The AFL's free agents came from several sources. Some were players who could not find success playing in the NFL, while another source was the then newly-formed Canadian Football League. In the late 1950s, many players released by the NFL, or un-drafted and unsigned out of college by the NFL, went north to try their luck with the CFL (which formed in 1958), and later returned to the states to play in the AFL.

In the league's first years, players such as Oilers' George Blanda, Chargers/Bills' Jack Kemp, Texans' Len Dawson, the Titans' Don Maynard, Raiders/Patriots/Jets' Babe Parilli, Pats' Bob Dee proved to be AFL standouts. Other players such as the Broncos' Frank Tripucka, the Pats' Gino Cappelletti, the Bills' Cookie Gilchrist and the Chargers' Tobin Rote, Sam DeLuca and Dave Kocourek also made their mark to give the league credibility. Rounding out this mix were the true "free agents", the walk-ons, who tried out for the chance to play professional American football.

After the AFL–NFL merger agreement in 1966, and after the AFL's Jets defeated an extremely strong Baltimore Colts team, a popular misconception fostered by the NFL and spread by media reports was that the AFL defeated the NFL because of the common draft instituted in 1967. This apparently was meant to assert that the AFL could not achieve parity as long as it had to compete with the NFL in the draft. But the 1968 Jets had less than a handful of "common draftees". Their stars were honed in the AFL, many of them since the Titans days.

Players who chose the AFL to develop their talent included Lance Alworth and Ron Mix of the Chargers, who had also been drafted by the NFL's San Francisco 49ers and Baltimore Colts respectively. Both eventually were elected to the Pro Football Hall of Fame after earning recognition during their careers as being among the best at their positions. Among specific teams, the 1964 Buffalo Bills stood out by holding their opponents to a pro football record 913 yards rushing on 300 attempts, while also recording fifty quarterback sacks in a 14-game schedule.
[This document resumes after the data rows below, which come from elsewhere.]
(* For every generalized line graph $G$, the competition number satisfies $k(G)\le 2$.
   Context: All graphs are finite and simple. For a digraph $D$, its competition graph $C(D)$ is the graph with vertex set $V(D)$ in which two distinct vertices $u,v$ are adjacent iff there is a vertex $x$ with arcs $(u,x),(v,x)\in A(D)$. The competition number $k(G)$ of a graph $G$ is the smallest nonnegative integer $k$ such that $G$ together with $k$ new isolated vertices is the competition graph of an acyclic digraph. For a positive integer $m$, the cocktail party graph $CP(m)$ is the complete multipartite graph with $m$ parts each of size two (vertices $x_l,y_l$, $l\in\{1,\dots,m\}$; $x_i x_j$, $y_iy_j$ adjacent for $i<j$, $x_iy_j$ adjacent for $i\ne j$); $CP(1)$ is two vertices with no edge. A vertex-weighted graph $(H,f)$ is a graph $H$ with a function $f:V(H)\to\mathbb{Z}_{\ge 0}$. The generalized line graph $L(H,f)$ is obtained from the disjoint union of the line graph $L(H)$ (vertex set $E(H)$, two distinct edges adjacent iff they share an endpoint) and the graphs $Q_v:=CP(f(v))$ for each $v\in V(H)$ with $f(v)>0$, by adding all edges between every vertex of $Q_v$ and every $e\in V(L(H))$ that is incident to $v$ in $H$. A graph is a generalized line graph if it is isomorphic to $L(H,f)$ for some vertex-weighted graph $(H,f)$. *)

theory Defs
  imports Main
begin

definition simple_graph :: "'a set \<Rightarrow> 'a set set \<Rightarrow> bool" where
  "simple_graph V E \<longleftrightarrow> finite V \<and>
     (\<forall>e\<in>E. \<exists>u v. e = {u, v} \<and> u \<noteq> v \<and> u \<in> V \<and> v \<in> V)"

definition graph_iso :: "'a set \<Rightarrow> 'a set set \<Rightarrow> 'b set \<Rightarrow> 'b set set \<Rightarrow> bool" where
  "graph_iso V E V' E' \<longleftrightarrow> (\<exists>\<phi>. bij_betw \<phi> V V' \<and>
     (\<forall>u\<in>V. \<forall>v\<in>V. {u, v} \<in> E \<longleftrightarrow> {\<phi> u, \<phi> v} \<in> E'))"

definition competition_edges :: "'a set \<Rightarrow> ('a \<times> 'a) set \<Rightarrow> 'a set set" where
  "competition_edges V A = {{u, v} | u v. u \<in> V \<and> v \<in> V \<and> u \<noteq> v \<and>
      (\<exists>x. (u, x) \<in> A \<and> (v, x) \<in> A)}"

text \<open>G together with k new isolated vertices (Inr 0, ..., Inr (k-1)) is the competition
  graph of an acyclic digraph.\<close>
definition comp_with_isolated :: "'a set \<Rightarrow> 'a set set \<Rightarrow> nat \<Rightarrow> bool" where
  "comp_with_isolated V E k \<longleftrightarrow>
     (let V' = (Inl ` V \<union> Inr ` {..<k}) :: ('a + nat) set in
      \<exists>A. A \<subseteq> V' \<times> V' \<and> acyclic A \<and>
          competition_edges V' A = (\<lambda>e. Inl ` e) ` E)"

definition competition_number :: "'a set \<Rightarrow> 'a set set \<Rightarrow> nat" where
  "competition_number V E = (LEAST k. comp_with_isolated V E k)"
In 2009, a five-part series, Full Color Football: The History of the American Football League, on the Showtime Network, refuted many of the long-held misconceptions about the AFL. In it, Abner Haynes tells of how his father forbade him to accept being drafted by the NFL's Pittsburgh Steelers, after head coach Buddy Parker and quarterback Bobby Layne had visited the Haynes home drunk; the NFL Cowboys' Tex Schramm is quoted as saying that if his team had ever agreed to play the AFL's Dallas Texans, they would very likely have lost; George Blanda makes a case for more AFL players being inducted to the Pro Football Hall of Fame by pointing out that Hall of Famer Willie Brown was cut by the Houston Oilers because he couldn't cover Oilers flanker Charlie Hennigan in practice. Later, when Brown was with the Broncos, Hennigan needed nine catches in one game against the Broncos to break Lionel Taylor's professional football record of 100 catches in one season. Hennigan caught the nine passes and broke the record, even though he was covered by Brown.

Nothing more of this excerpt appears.